→ EXERCISE PROMPT: Please repeat only the stretch of records running from the first line through the line that contains "dominated_graph_zero[OF dom] by blast".

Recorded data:
lemma dominated_graph_chain_Union:
  assumes "C \<in> chains {G. dominated_graph G}" "C \<noteq> {}"
  shows "dominated_graph (\<Union>C)"
proof -
  have dom: "\<And>G. G \<in> C \<Longrightarrow> dominated_graph G"
    and chain: "\<And>G H. G \<in> C \<Longrightarrow> H \<in> C \<Longrightarrow> G \<subseteq> H \<or> H \<subseteq> G"
    using assms(1) unfolding chains_def chain_subset_def by blast+
  have add: "(x + z, a + b) \<in> \<Union>C" if xa: "(x, a) \<in> \<Union>C" and zb: "(z, b) \<in> \<Union>C" for x a z b
  proof -
    obtain G H where "G \<in> C" "H \<in> C" "(x, a) \<in> G" "(z, b) \<in> H"
      using xa zb by blast
    then show ?thesis
      using chain[of G H] dominated_graph_add[OF dom[of G]] dominated_graph_add[OF dom[of H]]
      by blast
  qed
  obtain G where "G \<in> C" using assms(2) by blast
  then have "(0, 0) \<in> \<Union>C" using dominated_graph_zero[OF dom] by blast
  moreover have "(c *\<^sub>R x, c * a) \<in> \<Union>C" "a \<le> norm x" if "(x, a) \<in> \<Union>C" for x a c
    using that dominated_graph_scale[OF dom] dominated_graph_le[OF dom] by blast+
  ultimately show ?thesis
    unfolding dominated_graph_def using add by blast
qed

theorem Hahn_Banach_norm_dominated:
  fixes G :: "('a::real_normed_vector \<times> real) set"
  assumes "dominated_graph G"
  obtains f where "linear f" "\<And>x a. (x, a) \<in> G \<Longrightarrow> f x = a" "\<And>z. f z \<le> norm z"
proof -
  let ?A = "{M. dominated_graph M \<and> G \<subseteq> M}"
  have "\<exists>M\<in>?A. \<forall>X\<in>?A. M \<subseteq> X \<longrightarrow> X = M"
  proof (rule Zorn_Lemma2, intro ballI)
    fix C assume C: "C \<in> chains ?A"
    show "\<exists>U\<in>?A. \<forall>X\<in>C. X \<subseteq> U"
    proof (cases "C = {}")
      case False
      have "C \<in> chains {M. dominated_graph M}"
        using C unfolding chains_def by auto
      then have "dominated_graph (\<Union>C)"
        using False by (rule dominated_graph_chain_Union)
      moreover have "G \<subseteq> \<Union>C"
        using C False unfolding chains_def by auto
      ultimately show ?thesis by blast
    qed (use assms in blast)
  qed
  then obtain M where "M \<in> ?A" and max: "\<And>X. X \<in> ?A \<Longrightarrow> M \<subseteq> X \<Longrightarrow> X = M"
    by auto
  then have M: "dominated_graph M" "G \<subseteq> M" by auto
  have total: "\<exists>a. (x, a) \<in> M" for x
  proof -
    obtain M' c where "dominated_graph M'" "M \<subseteq> M'" "(x, c) \<in> M'"
      by (rule dominated_graph_extend[OF M(1)])
    then have "M' = M" using M(2) by (intro max) auto
    then show ?thesis using \<open>(x, c) \<in> M'\<close> by blast
  qed
  define f where "f x = (THE a. (x, a) \<in> M)" for x
  have graph: "f x = a" if xa: "(x, a) \<in> M" for x a
    unfolding f_def
  proof (rule the_equality)
    show "b = a" if "(x, b) \<in> M" for b
      using dominated_graph_unique[OF M(1) that xa] .
  qed (fact xa)
  have in_graph: "(x, f x) \<in> M" for x
    using total graph by blast
  have "linear f"
  proof (rule linearI)
    show "f (x + y) = f x + f y" for x y
      by (rule graph[OF dominated_graph_add[OF M(1) in_graph in_graph]])
    show "f (c *\<^sub>R x) = c *\<^sub>R f x" for c x
      using graph[OF dominated_graph_scale[OF M(1) in_graph]] by simp
  qed
  moreover have "f x = a" if "(x, a) \<in> G" for x a
    using graph M(2) that by blast
  moreover have "f z \<le> norm z" for z
    using dominated_graph_le[OF M(1) in_graph] .
  ultimately show ?thesis by (rule that)
qed
(* Let $G$ be a group and let $\varphi,\psi\in\mathrm{Aut}(G)$ with $\varphi\psi=\psi\varphi$. On $G$ define $a*b=\varphi(ab^{-1})b$ and $a\circ b=\psi(ab^{-1})b$. Then for all integers $k,l$, the groupoid $(G,*^k\circ^l)$, with operation $a\,( *^k\circ^l)\,b=(a*^k b)\circ^l b$, is a quandle.
   Context: A quandle is a set with binary operation $*$ satisfying $x*x=x$, unique right division, and $(x*y)*z=(x*z)*(y*z)$; both operations above are quandle operations (generalised Alexander quandles). Powers: $a*^0b=a$; for $n\ge1$, $a*^nb=(a*^{n-1}b)*b$ and $a*^{-n}b$ is obtained by applying $n$ times the right inverse operation $\bar*$ (defined by $a=c*b\iff c=a\,\bar*\,b$); similarly for $\circ$. *)

theory Defs
  imports "HOL-Algebra.Algebra"
begin

definition quandle :: "'a set \<Rightarrow> ('a \<Rightarrow> 'a \<Rightarrow> 'a) \<Rightarrow> bool" where
  "quandle S op \<longleftrightarrow>
     (\<forall>a\<in>S. \<forall>b\<in>S. op a b \<in> S) \<and>
     (\<forall>a\<in>S. op a a = a) \<and>
     (\<forall>b\<in>S. \<forall>c\<in>S. \<exists>!a. a \<in> S \<and> op a b = c) \<and>
     (\<forall>x\<in>S. \<forall>y\<in>S. \<forall>z\<in>S. op (op x y) z = op (op x z) (op y z))"

definition rdiv :: "'a set \<Rightarrow> ('a \<Rightarrow> 'a \<Rightarrow> 'a) \<Rightarrow> 'a \<Rightarrow> 'a \<Rightarrow> 'a" where
  "rdiv S op c b = (THE a. a \<in> S \<and> op a b = c)"

definition opow :: "'a set \<Rightarrow> ('a \<Rightarrow> 'a \<Rightarrow> 'a) \<Rightarrow> int \<Rightarrow> 'a \<Rightarrow> 'a \<Rightarrow> 'a" where
  "opow S op n a b =
     (if 0 \<le> n then ((\<lambda>x. op x b) ^^ nat n) a
      else ((\<lambda>x. rdiv S op x b) ^^ nat (- n)) a)"

definition galex_op :: "('g, 'm) monoid_scheme \<Rightarrow> ('g \<Rightarrow> 'g) \<Rightarrow> 'g \<Rightarrow> 'g \<Rightarrow> 'g" where
  "galex_op G f a b = f (a \<otimes>\<^bsub>G\<^esub> inv\<^bsub>G\<^esub> b) \<otimes>\<^bsub>G\<^esub> b"

end

theory Submission
  imports Defs
begin

text \<open>For an automorphism h of G write a *_h b = h(a b^-1) b. Every *_h is a quandle, and
  these operations compose in their first argument: (a *_g b) *_h b = a *_(h g) b. In particular
  right division by *_h is *_(h^-1), so the integer power a *_h^k b equals a *_(h^k) b, and the
  mixed power (a *^k b) \<circ>^l b of the theorem is the quandle operation of the single
  automorphism \<psi>^l \<phi>^k.\<close>

lemma quandleD:
  assumes "quandle S f"
  shows quandle_closed: "\<forall>a\<in>S. \<forall>b\<in>S. f a b \<in> S"
    and quandle_idem: "\<forall>a\<in>S. f a a = a"
    and quandle_right_div: "\<forall>b\<in>S. \<forall>c\<in>S. \<exists>!a. a \<in> S \<and> f a b = c"
    and quandle_self_distrib: "\<forall>x\<in>S. \<forall>y\<in>S. \<forall>z\<in>S. f (f x y) z = f (f x z) (f y z)"
  using assms unfolding quandle_def by blast+

lemma quandle_cong:
  assumes "quandle S f" and eq: "\<And>a b. a \<in> S \<Longrightarrow> b \<in> S \<Longrightarrow> g a b = f a b"
  shows "quandle S g"
  unfolding quandle_def
proof (intro conjI ballI)
  fix b c assume b: "b \<in> S" and c: "c \<in> S"
  have "(a \<in> S \<and> g a b = c) \<longleftrightarrow> (a \<in> S \<and> f a b = c)" for a
    using eq b by auto
  then show "\<exists>!a. a \<in> S \<and> g a b = c"
    using quandle_right_div[OF assms(1)] b c by (simp only:)
next
  fix x y z assume xyz: "x \<in> S" "y \<in> S" "z \<in> S"
  then have "g (g x y) z = f (f x y) z"
    using quandle_closed[OF assms(1)] by (simp add: eq)
  also have "\<dots> = f (f x z) (f y z)"
    using quandle_self_distrib[OF assms(1)] xyz by blast
  also have "\<dots> = g (g x z) (g y z)"
    using quandle_closed[OF assms(1)] xyz by (simp add: eq)
  finally show "g (g x y) z = g (g x z) (g y z)" .
qed (use quandle_closed[OF assms(1)] quandle_idem[OF assms(1)] eq in simp_all)

lemma rdiv_eq:
  assumes "quandle S f" "a \<in> S" "b \<in> S"
  shows "rdiv S f (f a b) b = a"
  unfolding rdiv_def
proof (rule the1_equality)
  show "\<exists>!x. x \<in> S \<and> f x b = f a b"
    using quandle_right_div[OF assms(1)] quandle_closed[OF assms(1)] assms(2,3) by simp
qed (use assms in simp)

lemma auto_imp_iso: "h \<in> auto G \<Longrightarrow> h \<in> iso G G"
  by (auto simp: auto_def iso_def Bij_def)

lemma iso_funpow: "h \<in> iso G G \<Longrightarrow> h ^^ n \<in> iso G G"
  by (induction n) (auto intro: iso_set_trans simp: id_iso)

definition auto_int_pow :: "('g, 'm) monoid_scheme \<Rightarrow> ('g \<Rightarrow> 'g) \<Rightarrow> int \<Rightarrow> 'g \<Rightarrow> 'g" where
  "auto_int_pow G h n =
     (if 0 \<le> n then h ^^ nat n else inv_into (carrier G) h ^^ nat (- n))"

context group
begin

lemma mult_inv_cancel [simp]:
  "x \<in> carrier G \<Longrightarrow> y \<in> carrier G \<Longrightarrow> x \<otimes> (inv x \<otimes> y) = y"
  by (simp flip: m_assoc)

lemma inv_mult_cancel [simp]:
  "x \<in> carrier G \<Longrightarrow> y \<in> carrier G \<Longrightarrow> inv x \<otimes> (x \<otimes> y) = y"
  by (simp flip: m_assoc)

lemma auto_int_pow_iso: "h \<in> iso G G \<Longrightarrow> auto_int_pow G h n \<in> iso G G"
  by (simp add: auto_int_pow_def iso_funpow iso_set_sym)

lemma galex_op_closed:
  "h \<in> hom G G \<Longrightarrow> a \<in> carrier G \<Longrightarrow> b \<in> carrier G \<Longrightarrow> galex_op G h a b \<in> carrier G"
  by (simp add: galex_op_def hom_in_carrier)

lemma galex_op_galex_op:
  assumes "g \<in> hom G G" "a \<in> carrier G" "b \<in> carrier G"
  shows "galex_op G h (galex_op G g a b) b = galex_op G (h \<circ> g) a b"
  using assms by (simp add: galex_op_def hom_in_carrier m_assoc)

lemma galex_op_idem: "h \<in> hom G G \<Longrightarrow> a \<in> carrier G \<Longrightarrow> galex_op G h a a = a"
  by (simp add: galex_op_def hom_one)

lemma galex_op_self_distrib:
  assumes h: "h \<in> hom G G" and x: "x \<in> carrier G" and y: "y \<in> carrier G" and z: "z \<in> carrier G"
  shows "galex_op G h (galex_op G h x y) z = galex_op G h (galex_op G h x z) (galex_op G h y z)"
proof -
  interpret group_hom G G h
    using h by (simp add: group_hom_def group_hom_axioms_def is_group)
  have "galex_op G h x z \<otimes> inv (galex_op G h y z) = h (x \<otimes> inv z) \<otimes> h (z \<otimes> inv y)"
    using x y z by (simp add: galex_op_def inv_mult_group m_assoc)
  also have "\<dots> = h (x \<otimes> inv y)"
    using x y z by (simp add: m_assoc flip: hom_mult)
  finally have "galex_op G h (galex_op G h x z) (galex_op G h y z)
      = h (h (x \<otimes> inv y)) \<otimes> h (y \<otimes> inv z) \<otimes> z"
    using x y z by (simp add: galex_op_def m_assoc)
  also have "\<dots> = galex_op G h (galex_op G h x y) z"
    using x y z by (simp add: galex_op_def m_assoc)
  finally show ?thesis ..
qed

lemma galex_op_inv_into:
  assumes h: "h \<in> iso G G" and b: "b \<in> carrier G" and c: "c \<in> carrier G"
  shows "galex_op G h (galex_op G (inv_into (carrier G) h) c b) b = c"
proof -
  have "bij_betw h (carrier G) (carrier G)"
    using h by (simp add: iso_def)
  then have "h (inv_into (carrier G) h (c \<otimes> inv b)) = c \<otimes> inv b"
    using b c by (simp add: bij_betw_inv_into_right)
  moreover have "galex_op G h (galex_op G (inv_into (carrier G) h) c b) b
      = galex_op G (h \<circ> inv_into (carrier G) h) c b"
    using iso_imp_homomorphism[OF iso_set_sym[OF h]] c b by (rule galex_op_galex_op)
  ultimately show ?thesis
    using b c by (simp add: galex_op_def m_assoc)
qed

lemma galex_op_right_cancel:
  assumes h: "h \<in> iso G G" and a: "a \<in> carrier G" and a': "a' \<in> carrier G" and b: "b \<in> carrier G"
    and eq: "galex_op G h a b = galex_op G h a' b"
  shows "a = a'"
proof -
  have "h (a \<otimes> inv b) = h (a' \<otimes> inv b)"
    using eq a a' b hom_in_carrier[OF iso_imp_homomorphism[OF h]] by (simp add: galex_op_def)
  then have "a \<otimes> inv b = a' \<otimes> inv b"
    using h a a' b by (simp add: iso_iff inj_on_def)
  then show ?thesis
    using a a' b by simp
qed

lemma galex_op_quandle:
  assumes h: "h \<in> iso G G"
  shows "quandle (carrier G) (galex_op G h)"
  unfolding quandle_def
proof (intro conjI ballI)
  have hom: "h \<in> hom G G" and hom_inv: "inv_into (carrier G) h \<in> hom G G"
    using h iso_set_sym iso_imp_homomorphism by blast+
  fix b c assume b: "b \<in> carrier G" and c: "c \<in> carrier G"
  show "\<exists>!a. a \<in> carrier G \<and> galex_op G h a b = c"
  proof (rule ex1I)
    show "galex_op G (inv_into (carrier G) h) c b \<in> carrier G
        \<and> galex_op G h (galex_op G (inv_into (carrier G) h) c b) b = c"
      using galex_op_closed[OF hom_inv c b] galex_op_inv_into[OF h b c] by blast
    show "a = galex_op G (inv_into (carrier G) h) c b"
      if "a \<in> carrier G \<and> galex_op G h a b = c" for a
      using that galex_op_right_cancel[OF h _ galex_op_closed[OF hom_inv c b] b]
        galex_op_inv_into[OF h b c] by simp
  qed
next
  fix x y z assume "x \<in> carrier G" "y \<in> carrier G" "z \<in> carrier G"
  then show "galex_op G h (galex_op G h x y) z = galex_op G h (galex_op G h x z) (galex_op G h y z)"
    using iso_imp_homomorphism[OF h] by (rule galex_op_self_distrib[rotated])
qed (use iso_imp_homomorphism[OF h] in \<open>simp_all add: galex_op_closed galex_op_idem\<close>)

lemma rdiv_galex_op:
  assumes h: "h \<in> iso G G" and b: "b \<in> carrier G" and c: "c \<in> carrier G"
  shows "rdiv (carrier G) (galex_op G h) c b = galex_op G (inv_into (carrier G) h) c b"
proof -
  have "galex_op G (inv_into (carrier G) h) c b \<in> carrier G"
    using galex_op_closed iso_imp_homomorphism iso_set_sym h b c by blast
  moreover have "rdiv (carrier G) (galex_op G h) c b
      = rdiv (carrier G) (galex_op G h) (galex_op G h (galex_op G (inv_into (carrier G) h) c b) b) b"
    using galex_op_inv_into[OF h b c] by simp
  ultimately show ?thesis
    using rdiv_eq[OF galex_op_quandle[OF h] _ b] by simp
qed

lemma funpow_galex_op:
  assumes g: "g \<in> iso G G" and F: "\<forall>x\<in>carrier G. F x = galex_op G g x b"
    and a: "a \<in> carrier G" and b: "b \<in> carrier G"
  shows "(F ^^ n) a = galex_op G (g ^^ n) a b"
proof (induction n)
  case 0
  show ?case using a b by (simp add: galex_op_def m_assoc)
next
  case (Suc n)
  have hom: "g ^^ n \<in> hom G G"
    using iso_funpow[OF g] by (rule iso_imp_homomorphism)
  then have "(F ^^ Suc n) a = galex_op G g (galex_op G (g ^^ n) a b) b"
    using Suc F galex_op_closed a b by simp
  also have "\<dots> = galex_op G (g ^^ Suc n) a b"
    using galex_op_galex_op[OF hom a b] by simp
  finally show ?case .
qed

lemma opow_galex_op:
  assumes h: "h \<in> iso G G" and a: "a \<in> carrier G" and b: "b \<in> carrier G"
  shows "opow (carrier G) (galex_op G h) n a b = galex_op G (auto_int_pow G h n) a b"
proof (cases "0 \<le> n")
  case True
  then show ?thesis
    using funpow_galex_op[OF h _ a b] by (simp add: opow_def auto_int_pow_def)
next
  case False
  then show ?thesis
    using funpow_galex_op[OF iso_set_sym[OF h] _ a b] rdiv_galex_op[OF h b]
    by (simp add: opow_def auto_int_pow_def)
qed

end

theorem proposition4p19:
  fixes G :: "('g, 'm) monoid_scheme" and \<phi> \<psi> :: "'g \<Rightarrow> 'g" and k l :: int
  assumes "group G"
    and "\<phi> \<in> auto G" and "\<psi> \<in> auto G"
    and "\<forall>x\<in>carrier G. \<phi> (\<psi> x) = \<psi> (\<phi> x)"
  shows "quandle (carrier G)
           (\<lambda>a b. opow (carrier G) (galex_op G \<psi>) l
                     (opow (carrier G) (galex_op G \<phi>) k a b) b)"
proof -
  interpret group G by fact
  let ?f = "auto_int_pow G \<phi> k" and ?g = "auto_int_pow G \<psi> l"
  have f: "?f \<in> iso G G" and g: "?g \<in> iso G G"
    using assms(2,3) by (simp_all add: auto_imp_iso auto_int_pow_iso)
  show ?thesis
  proof (rule quandle_cong[OF galex_op_quandle[OF iso_set_trans[OF f g]]])
    fix a b assume a: "a \<in> carrier G" and b: "b \<in> carrier G"
    then show "opow (carrier G) (galex_op G \<psi>) l (opow (carrier G) (galex_op G \<phi>) k a b) b
        = galex_op G (?g \<circ> ?f) a b"
      using f g assms(2,3)
      by (simp add: auto_imp_iso opow_galex_op galex_op_closed galex_op_galex_op iso_imp_homomorphism)
  qed
qed

end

→ EXERCISE OUTPUT:
lemma dominated_graph_chain_Union:
  assumes "C \<in> chains {G. dominated_graph G}" "C \<noteq> {}"
  shows "dominated_graph (\<Union>C)"
proof -
  have dom: "\<And>G. G \<in> C \<Longrightarrow> dominated_graph G"
    and chain: "\<And>G H. G \<in> C \<Longrightarrow> H \<in> C \<Longrightarrow> G \<subseteq> H \<or> H \<subseteq> G"
    using assms(1) unfolding chains_def chain_subset_def by blast+
  have add: "(x + z, a + b) \<in> \<Union>C" if xa: "(x, a) \<in> \<Union>C" and zb: "(z, b) \<in> \<Union>C" for x a z b
  proof -
    obtain G H where "G \<in> C" "H \<in> C" "(x, a) \<in> G" "(z, b) \<in> H"
      using xa zb by blast
    then show ?thesis
      using chain[of G H] dominated_graph_add[OF dom[of G]] dominated_graph_add[OF dom[of H]]
      by blast
  qed
  obtain G where "G \<in> C" using assms(2) by blast
  then have "(0, 0) \<in> \<Union>C" using dominated_graph_zero[OF dom] by blast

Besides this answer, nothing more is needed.